Is the request reasonable, or is it a try-on?

Reading a post-survey price request

Signs the request is fairSigns it is a try-on
A mortgage valuation in writing below the agreed priceA vague 'the survey raised concerns' with no figures
Specific defects with contractor quotes attachedA round-number cut asked for the day before exchange
Problems you did not know about and did not discloseCosmetic items that were obvious at viewing
One reasonable ask early in the processRepeated small reductions stacking up over time

What are my options when a buyer asks me to drop the price?

  1. 1. Get the evidence in writing

    Ask for the relevant pages of the survey or the actual mortgage valuation figure. Decide nothing until you have seen what the report says, not what the buyer has summarised over the phone.

  2. 2. Price the problem independently

    Get one or two quotes from your own tradespeople for any genuine defect. A 600 pound repair is not a 6,000 pound reduction, and your own written quote is your strongest card.

  3. 3. Check your fall-back position

    Look at your local sold prices and how long it took this buyer to come along. If buyers are queueing, holding firm carries less risk; if demand is thin, a fair compromise may protect the sale.

  4. 4. Choose your response

    You can decline, meet in the middle, knock off the genuine repair cost, or offer to carry out the work yourself before completion. Any of these keeps the sale alive.

  5. 5. Reply once, clearly

    Give a single, calm counter rather than a drawn-out back-and-forth. Naming your final position early discourages repeated chipping at the price.

How do I protect myself while we renegotiate?

Read your buyer's commitment by what they have spent, not by what they say. A buyer with money already down is far less likely to walk away over a fair outcome.

  • Real commitment looks like a solicitor instructed and paid, searches ordered, and a mortgage application submitted, not just warm words.
  • Keep your own early moves cheap: instructing your solicitor holds momentum and costs very little.
  • Hold the larger, harder-to-reverse steps, such as coming fully off the market or paying for management information packs, until your buyer has put their own money down.
  • If the asks keep coming after you have settled one fairly, that is the moment to test whether this buyer is serious or simply chipping.

Does a price cut after the survey mean I lose money?

Not always.

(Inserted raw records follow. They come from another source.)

definition GE_complete :: "'a::comm_ring_1 itself \<Rightarrow> bool" where
  "GE_complete (t::'a itself) \<longleftrightarrow>
     (\<forall>a \<in> (zdiv_star :: 'a set). \<forall>b \<in> zdiv_star. ann a \<noteq> ann b \<longrightarrow> a * b = 0)"

lemma GE_completeD:
  "GE_complete TYPE('a) \<Longrightarrow> a \<in> zdiv_star \<Longrightarrow> b \<in> zdiv_star \<Longrightarrow> ann a \<noteq> ann b
    \<Longrightarrow> a * b = (0::'a::comm_ring_1)"
  by (simp add: GE_complete_def)

lemma GE_complete_if_nbhd_eq:
  assumes "\<And>v. v \<in> (GE_vertices :: 'a::comm_ring_1 set set) \<Longrightarrow> GE_nbhd v = GE_vertices - {v}"
  shows "GE_complete TYPE('a)"
  unfolding GE_complete_def
proof (intro ballI impI)
  fix a b :: 'a
  assume ab: "a \<in> zdiv_star" "b \<in> zdiv_star" "ann a \<noteq> ann b"
  then have "eclass b \<in> GE_nbhd (eclass a)"
    using assms[OF eclass_in_GE_vertices[OF ab(1)]] eclass_in_GE_vertices[OF ab(2)]
    by (simp add: eclass_eq_iff)
  with ab show "a * b = 0"
    by (simp add: eclass_in_GE_nbhd_iff)
qed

The alternative to a fair reduction is re-marketing, which has its own cost in lost weeks and the risk of a second buyer falling through. Roughly a quarter to a third of agreed UK sales collapse before completion according to industry fall-through trackers, so keeping a committed buyer on fair terms often beats starting again.

The strongest answer to a survey renegotiation is not a louder no. It is a number you can prove.

Knowing your home's realistic value before you negotiate is what keeps you steady. ValuQ gives UK homeowners free, side-by-side property valuations from competing local estate agents, so you can judge a renegotiation against what local agents actually think your home is worth, not against pressure on the phone.

Can I refuse to lower my price after a survey?

Yes. The agreed price is not binding until exchange of contracts, so you are free to decline a reduction. The buyer can then accept the original price, keep negotiating, or walk away.

Should I show the buyer my own repair quote?

Often yes. A written quote for the genuine cost of a defect anchors the conversation on a real number and undercuts an inflated reduction request.

Is this the same as gazundering?

No. Gazundering is a buyer dropping their offer late, often just before exchange, to pressure you with no new information. A fair, evidenced survey renegotiation early in the process is a different thing.